Welcome, welcome, and congratulations to you, the newest citizens of AMAZonia: by Bezos, the hot new nation-state disrupting the international diplomacy market. For the rest of this keynote, simply follow along at the center of your screen. Looking away from the center will penalize you five Bezo-bucks. Also, we don’t like to call them “penalties” in AMAZonia, we like to think of it as “FUNding AMAZonia”! Looking away from the center of the screen will fun your account five times.
With all that boring stuff out of the way, again, welcome to AMAZonia, a place where technology and tax avoidance have liberated the individual, allowing you to finally be yourself. But how did we get here? Our AMAZing story began in 2023, when our founder and dynamo of Rand-ian individualism Jeffrey Preston Bezos First of His Name used his massive, throbbing intellect and a humble amount of cash to buy deforested lands in South America for 50 billion dollars. Those lands had once been a great rainforest called The AMAZon before Brazil cut them down! What a coincidence! A fated purchase indeed!
You see, our founder had a vision. He once lived in the old world: decrepit, defunct. The bridges of older, greater empires crumbled around him under the sloth of the day. There was darkness and confusion and taxes. And Bezos contemplated amid his untaxed wealth. He thought: “I could take this money, and allocate it towards making an infrastructure. I could offer other people the chance to subscribe to this infrastructure for a price. I’d give them a total yearly cost for the funds and labor required to maintain and grow the infrastructure of my business-nation. This is something completely new! I’ll call that price the “Total Allocation Exchange”, or T.A.X., and I will begin a new chapter, nay a new book in the histories of men!”
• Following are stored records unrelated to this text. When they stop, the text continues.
(* Consider the following two-bidder auction. A single good has common value $v$ with CDF $F_v$, density $f_v$, support $\mathbb{R}_+$ and finite mean, and $\mathbb{E}[v]>L\ge 0$. Alice submits a bid knowing only $F_v$; then $v$ is realized and Bob, observing $v$ but not Alice's bid, submits a bid. The highest bid wins and pays its bid (payoff $v$ minus bid) unless it is strictly below the limit price $L$, in which case the good is unsold. If the bids tie, Bob wins; if Bob's bid equals $L$ he can win; a winning bid of Alice equal exactly to $L$ results in no sale. Suppose, in an equilibrium, Bob's bid as a function of $v$ is given by a non-decreasing function $\beta_L$, and let $\beta_L^{-1}(b)=\inf\{v:\beta_L(v)\ge b\}$ be its pseudo-inverse. Then every bid $b_A>L$ of Alice (in the support of her equilibrium strategy) satisfies $$b_A=\mathbb{E}\left[v\mid v<\beta_L^{-1}(b_A)\right].$$
   Context: Bidders are risk neutral; equilibrium means perfect Bayesian Nash equilibrium. *)

theory Defs
  imports "HOL-Probability.Probability"
begin

definition val_dist :: "(real \<Rightarrow> real) \<Rightarrow> real measure" where
  "val_dist f = density lborel (\<lambda>v. ennreal (f v))"

text \<open>Pseudo-inverse of Bob's bid function (over the support v >= 0);
  the infimum of the empty set is +infinity.\<close>
definition pinv :: "(real \<Rightarrow> real) \<Rightarrow> real \<Rightarrow> ereal" where
  "pinv \<beta> b = Inf {ereal v | v. 0 \<le> v \<and> \<beta> v \<ge> b}"

definition cond_mean_below :: "real measure \<Rightarrow> ereal \<Rightarrow> real" where
  "cond_mean_below V t =
     (\<integral>v. v * indicator {v. ereal v < t} v \<partial>V) / measure V {v. ereal v < t}"

definition alice_payoff :: "real measure \<Rightarrow> real \<Rightarrow> (real \<Rightarrow> real) \<Rightarrow> real \<Rightarrow> real" where
  "alice_payoff V L \<beta> b =
     (if b > L then (\<integral>v. (v - b) * indicator {v. 0 \<le> v \<and> \<beta> v < b} v \<partial>V) else 0)"

text \<open>Bob's expected payoff with value v and bid c, against Alice's mixed
  strategy G (a probability measure on bids). Bob wins iff c >= Alice's bid
  and c >= L.\<close>
definition bob_payoff :: "real measure \<Rightarrow> real \<Rightarrow> real \<Rightarrow> real \<Rightarrow> real" where
  "bob_payoff G L v c = (if c \<ge> L then (v - c) * measure G {..c} else 0)"

definition is_equilibrium :: "real measure \<Rightarrow> real measure \<Rightarrow> real \<Rightarrow> (real \<Rightarrow> real) \<Rightarrow> bool" where
  "is_equilibrium V G L \<beta> \<longleftrightarrow>
     (\<forall>v\<ge>0. \<forall>c. bob_payoff G L v c \<le> bob_payoff G L v (\<beta> v)) \<and>
     (AE b in G. \<forall>b'. alice_payoff V L \<beta> b' \<le> alice_payoff V L \<beta> b)"

definition in_support :: "real measure \<Rightarrow> real \<Rightarrow> bool" where
  "in_support G b \<longleftrightarrow> (\<forall>e>0. measure G {b - e <..< b + e} > 0)"

end

theory Submission
  imports Defs
begin

(* Alice's equilibrium payoff is zero. It is nonnegative since she can bid L. If it were
   positive, let s be the lowest point of the support of her bids: Bob types above s win with
   positive probability, so every type that bids below s or loses at s has value at most s, and
   Alice's payoff at or just above s is nonpositive. Every bid bA > L in the support earns the
   equilibrium payoff: it is a limit of optimal bids, the payoff is left-continuous in the bid,
   and if optimal bids only approach bA from above, G has a gap below bA, so Bob types tying at
   bA have value at most bA and the right limit is at most the payoff at bA. Hence
   E[(v - bA) 1{beta v < bA}] = 0. The event {beta v < bA} agrees with {v < pinv beta bA} up to a
   single point and has positive probability: otherwise all types in (0, bA) would bid exactly
   bA and Alice's payoff would be negative. *)

lemma AE_ex_in_measure_pos:
  assumes Q: "AE x in M. Q x" and A: "A \<in> sets M" "0 < measure M A"
  shows "\<exists>x\<in>A. Q x"
proof (rule ccontr)
  assume none: "\<not> (\<exists>x\<in>A. Q x)"
  from Q have "AE x in M. x \<notin> A" by eventually_elim (use none in blast)
  then have "A \<in> null_sets M" using A(1) by (subst AE_iff_null_sets)
  with A(2) show False by (simp add: measure_eq_0_null_sets)
qed

lemma AE_obtain_seq_tendsto:
  fixes M :: "real measure"
  assumes Q: "AE x in M. Q x" and sets_M: "sets M = sets borel" and A: "A \<in> sets borel"
    and pos: "\<And>e. 0 < e \<Longrightarrow> 0 < measure M (A \<inter> {b - e<..<b + e})"
  obtains xs where "\<And>n. xs n \<in> A" "\<And>n. Q (xs n)" "xs \<longlonglongrightarrow> b"
proof -
  let ?I = "\<lambda>n::nat. A \<inter> {b - inverse (Suc n)<..<b + inverse (Suc n)}"
  have "\<exists>x\<in>?I n. Q x" for n
    using A sets_M by (intro AE_ex_in_measure_pos[OF Q] pos) auto
  then obtain xs where xs: "\<And>n. xs n \<in> ?I n \<and> Q (xs n)" by metis
  have "xs \<longlonglongrightarrow> b"
  proof (rule tendsto_sandwich)
    show "\<forall>\<^sub>F n in sequentially. b - inverse (Suc n) \<le> xs n"
      "\<forall>\<^sub>F n in sequentially. xs n \<le> b + inverse (Suc n)"
      using xs by (auto intro!: always_eventually less_imp_le)
    show "(\<lambda>n. b - inverse (Suc n)) \<longlonglongrightarrow> b" "(\<lambda>n. b + inverse (Suc n)) \<longlonglongrightarrow> b"
      using tendsto_diff[OF tendsto_const LIMSEQ_inverse_real_of_nat]
        tendsto_add[OF tendsto_const LIMSEQ_inverse_real_of_nat] by auto
  qed
  with xs that show ?thesis by blast
qed

lemma tendsto_indicator_sublevel_from_below:
  fixes \<phi> :: "'a \<Rightarrow> real"
  assumes lim: "xs \<longlonglongrightarrow> b" and le: "\<And>n. xs n \<le> b"
  shows "(\<lambda>n. indicator {v. D v \<and> \<phi> v < xs n} v :: real) \<longlonglongrightarrow> indicator {v. D v \<and> \<phi> v < b} v"
proof (cases "D v \<and> \<phi> v < b")
  case True
  then have "\<forall>\<^sub>F n in sequentially. \<phi> v < xs n" using order_tendstoD(1)[OF lim] by blast
  then have "\<forall>\<^sub>F n in sequentially. indicator {v. D v \<and> \<phi> v < xs n} v = (1::real)"
    by eventually_elim (use True in simp)
  with True show ?thesis by (simp add: tendsto_eventually)
next
  case False
  then have "indicator {v. D v \<and> \<phi> v < xs n} v = (0::real)" for n
    using le[of n] by auto
  with False show ?thesis by simp
qed

lemma tendsto_indicator_sublevel_from_above:
  fixes \<phi> :: "'a \<Rightarrow> real"
  assumes lim: "xs \<longlonglongrightarrow> b" and gt: "\<And>n. b < xs n"
  shows "(\<lambda>n. indicator {v. D v \<and> \<phi> v < xs n} v :: real) \<longlonglongrightarrow> indicator {v. D v \<and> \<phi> v \<le> b} v"
proof (cases "D v \<and> b < \<phi> v")
  case True
  then have "\<forall>\<^sub>F n in sequentially. xs n < \<phi> v" using order_tendstoD(2)[OF lim] by blast
  then have "\<forall>\<^sub>F n in sequentially. indicator {v. D v \<and> \<phi> v < xs n} v = (0::real)"
    by eventually_elim simp
  with True show ?thesis by (simp add: tendsto_eventually)
next
  case False
  then have "indicator {v. D v \<and> \<phi> v < xs n} v = (indicator {v. D v \<and> \<phi> v \<le> b} v :: real)" for n
    using gt[of n] by (auto simp: indicator_def)
  then show ?thesis by simp
qed

lemma (in finite_measure) tendsto_integral_diff_mult_indicator:
  fixes X :: "'a \<Rightarrow> real" and xs :: "nat \<Rightarrow> real"
  assumes X: "integrable M X" and A: "\<And>n. A n \<in> sets M" and B: "B \<in> sets M"
    and lim: "xs \<longlonglongrightarrow> b" and ind: "\<And>v. (\<lambda>n. indicator (A n) v :: real) \<longlonglongrightarrow> indicator B v"
  shows "(\<lambda>n. \<integral>v. (X v - xs n) * indicator (A n) v \<partial>M) \<longlonglongrightarrow> (\<integral>v. (X v - b) * indicator B v \<partial>M)"
proof -
  obtain K where "\<forall>n. norm (xs n) \<le> K"
    using convergent_imp_Bseq[OF convergentI[OF lim]] by (rule BseqE) blast
  then have K: "norm (xs n) \<le> K" for n by blast
  have [measurable]: "X \<in> borel_measurable M" using X by (rule borel_measurable_integrable)
  note A[measurable] B[measurable]
  show ?thesis
  proof (rule integral_dominated_convergence)
    show "integrable M (\<lambda>v. \<bar>X v\<bar> + K)"
      by (intro Bochner_Integration.integrable_add integrable_abs X integrable_const)
    show "AE v in M. (\<lambda>n. (X v - xs n) * indicator (A n) v) \<longlonglongrightarrow> (X v - b) * indicator B v"
      by (intro AE_I2 tendsto_intros lim ind)
    show "AE v in M. norm ((X v - xs n) * indicator (A n) v) \<le> \<bar>X v\<bar> + K" for n
    proof (rule AE_I2)
      fix v
      have "\<bar>X v - xs n\<bar> \<le> \<bar>X v\<bar> + \<bar>xs n\<bar>" by (rule abs_triangle_ineq4)
      then show "norm ((X v - xs n) * indicator (A n) v) \<le> \<bar>X v\<bar> + K"
        using K[of n] by (simp add: indicator_def)
    qed
    show "(\<lambda>v. (X v - b) * indicator B v) \<in> borel_measurable M"
      "(\<lambda>v. (X v - xs n) * indicator (A n) v) \<in> borel_measurable M" for n
      by measurable
  qed
qed

lemma integral_diff_mult_indicator_nonpos:
  fixes M :: "real measure"
  assumes "\<And>v. v \<in> A \<Longrightarrow> v \<le> b"
  shows "(\<integral>v. (v - b) * indicator A v \<partial>M) \<le> 0"
proof -
  have "0 \<le> (\<integral>v. - ((v - b) * indicator A v) \<partial>M)"
    using assms by (intro integral_nonneg_AE AE_I2) (auto simp: indicator_def)
  then show ?thesis by simp
qed

lemma (in real_distribution) cdf_support_bottom:
  assumes "cdf M a = 0"
  obtains s where "a \<le> s" "\<And>c. c < s \<Longrightarrow> cdf M c = 0" "\<And>c. s < c \<Longrightarrow> 0 < cdf M c"
proof -
  define T where "T = {c. 0 < cdf M c}"
  obtain c where "1 / 2 < cdf M c"
    using order_tendstoD(1)[OF cdf_lim_at_top_prob, of "1 / 2"]
    by (auto simp: eventually_at_top_linorder)
  then have "c \<in> T" by (simp add: T_def)
  then have "T \<noteq> {}" by blast
  have T_above: "a < c" if "c \<in> T" for c
  proof (rule ccontr)
    assume "\<not> a < c"
    then have "cdf M c \<le> cdf M a" by (intro cdf_nondecreasing) simp
    with that assms show False by (simp add: T_def)
  qed
  have "bdd_below T"
    by (rule bdd_belowI[of _ a]) (simp add: T_above less_imp_le)
  show ?thesis
  proof (rule that)
    show "a \<le> Inf T" using \<open>T \<noteq> {}\<close> T_above by (simp add: cInf_greatest less_imp_le)
    show "cdf M c = 0" if "c < Inf T" for c
    proof -
      have "c \<notin> T" using that cInf_lower[OF _ \<open>bdd_below T\<close>] by (meson not_le)
      then show ?thesis using cdf_nonneg[of c] by (simp add: T_def)
    qed
    show "0 < cdf M c" if "Inf T < c" for c
    proof -
      have "\<exists>x\<in>T. x < c" using that cInf_less_iff[OF \<open>T \<noteq> {}\<close> \<open>bdd_below T\<close>] by simp
      then obtain x where "x \<in> T" "x < c" by blast
      then show ?thesis using cdf_nondecreasing[of x c] by (simp add: T_def)
    qed
  qed
qed

lemma (in finite_borel_measure) cdf_eq_0_at_atomless_bottom:
  assumes below: "\<And>c. c < s \<Longrightarrow> cdf M c = 0" and "measure M {s} = 0"
  shows "cdf M s = 0"
proof -
  have "(cdf M \<longlongrightarrow> cdf M s) (at_left s)"
    using isCont_cdf[of s] \<open>measure M {s} = 0\<close> by (simp add: isCont_def filterlim_at_split)
  moreover have "(cdf M \<longlongrightarrow> 0) (at_left s)"
    using below
    by (intro tendsto_eventually) (auto simp: eventually_at_left_field intro!: exI[of _ "s - 1"])
  ultimately show ?thesis by (rule tendsto_unique[OF trivial_limit_at_left_real])
qed

lemma (in finite_borel_measure) cdf_pos_above_support:
  assumes "in_support M b" "b < c"
  shows "0 < cdf M c"
proof -
  have "0 < measure M {b - (c - b)<..<b + (c - b)}"
    using assms unfolding in_support_def by (meson diff_gt_0_iff_gt)
  also have "\<dots> \<le> cdf M c" unfolding cdf_def by (intro finite_measure_mono) auto
  finally show ?thesis .
qed

lemma pinv_sublevel_iff:
  assumes mono: "mono_on {0..} \<beta>" and v: "0 \<le> v" "ereal v \<noteq> pinv \<beta> b"
  shows "ereal v < pinv \<beta> b \<longleftrightarrow> \<beta> v < b"
proof
  assume less: "ereal v < pinv \<beta> b"
  show "\<beta> v < b"
  proof (rule ccontr)
    assume "\<not> \<beta> v < b"
    then have "pinv \<beta> b \<le> ereal v" using v(1) unfolding pinv_def by (intro Inf_lower) auto
    with less show False by simp
  qed
next
  assume "\<beta> v < b"
  have "ereal v \<le> pinv \<beta> b" unfolding pinv_def
  proof (rule Inf_greatest)
    fix z assume "z \<in> {ereal w | w. 0 \<le> w \<and> b \<le> \<beta> w}"
    then obtain w where w: "z = ereal w" "0 \<le> w" "b \<le> \<beta> w" by blast
    have "v \<le> w"
    proof (rule ccontr)
      assume "\<not> v \<le> w"
      then have "\<beta> w \<le> \<beta> v" using mono w(2) by (auto intro: mono_onD)
      with w(3) \<open>\<beta> v < b\<close> show False by simp
    qed
    with w(1) show "ereal v \<le> z" by simp
  qed
  with v(2) show "ereal v < pinv \<beta> b" by simp
qed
God-King Bezos then used his tireless fleets of robot drones and ingeniously energy-efficient flesh-drones to build this world of the future that you now inhabit. You are part of a grand tradition! Also, please do not feed the flesh-drones, it’s not good for them! They are far happier eating the AMAZ-MAIZE that God-King Bezos has apportioned for them. If you fed them your bread and meat and vegetables it would only make them colicky!
You may notice that all of the flesh-drones are wearing name tags that say “Alexa”. That is their legal title here in AMAZonia: by Bezos, and you can address them as such. For example, if you want to know where you can get great sushi or a craft beer nearby, you can just say “Alexa, I am bored with the weariness of the day. Be merciful and distract me,” and the closest Alexas will speed you to a video game or a delectable treat-sie for your palate! Technology sure is AMAZing!
You may ask, “Where did the Alexas come from?” What a great question. Years ago, God-King Bezos, who thinks of himself more as a problem solver than a brutal autocrat, a real can-do kinda guy, well years ago he had a digital-drone called “Alexa”. He used his “disruptive tech” to “disrupt the bodily autonomy” of these people who used to be poor people, but now they are AMAZonian flesh-drone Alexas! By using this “disruptive strategy” he was able to “disrupt labor law,” uncovering vast new kinds of labor, such as “working for 36 hours at a time” and “no bathroom breaks” and “working around your colleague’s dead body”. He really removed a lot of inefficiency from the old ways, but that’s our founder for you, a real forward-looking guy!
And before you ask, no, the Alexas are not dangerous. If any of them were to malfunction, the God-King would make a “disruptive adjustment” to their AMAZ-MAIZE rations, correcting the problem swiftly. If they malfunctioned too many times, another Alexa would “disrupt” their brains with a bat. It’s all based on the idea that disruptive tech is the way of the future! It’s allowed us to “disrupt” the laws of men and gods alike here in AMAZonia (by Bezos).
But let’s not focus for too long on the boring things, the nuts and bolts of AMAZonia; by Bezos! Let’s talk about what makes AMAZonia: by Bezos, AMAZing! Here, you can finally be free! No longer will you live in fear of being “canceled” on social media for talking about your phrenology research, or have your business “canceled” by regulators who are mad that you “poisoned the well” by literally poisoning all well water within 200 miles of your worksite. No longer will a cruel and draconian government “cancel” your hoarded wealth by taxing you in order to maintain roads and water, some of which you won’t ever drive on or drink! You’ll only ever have to pay your T.A.X. subscription yearly. Yes, this is a free land. Alexas, a round of praise for Bezos! (All flesh-drones present cheer three times for God-King Bezos in a single great voice that seems to come from everywhere and nowhere).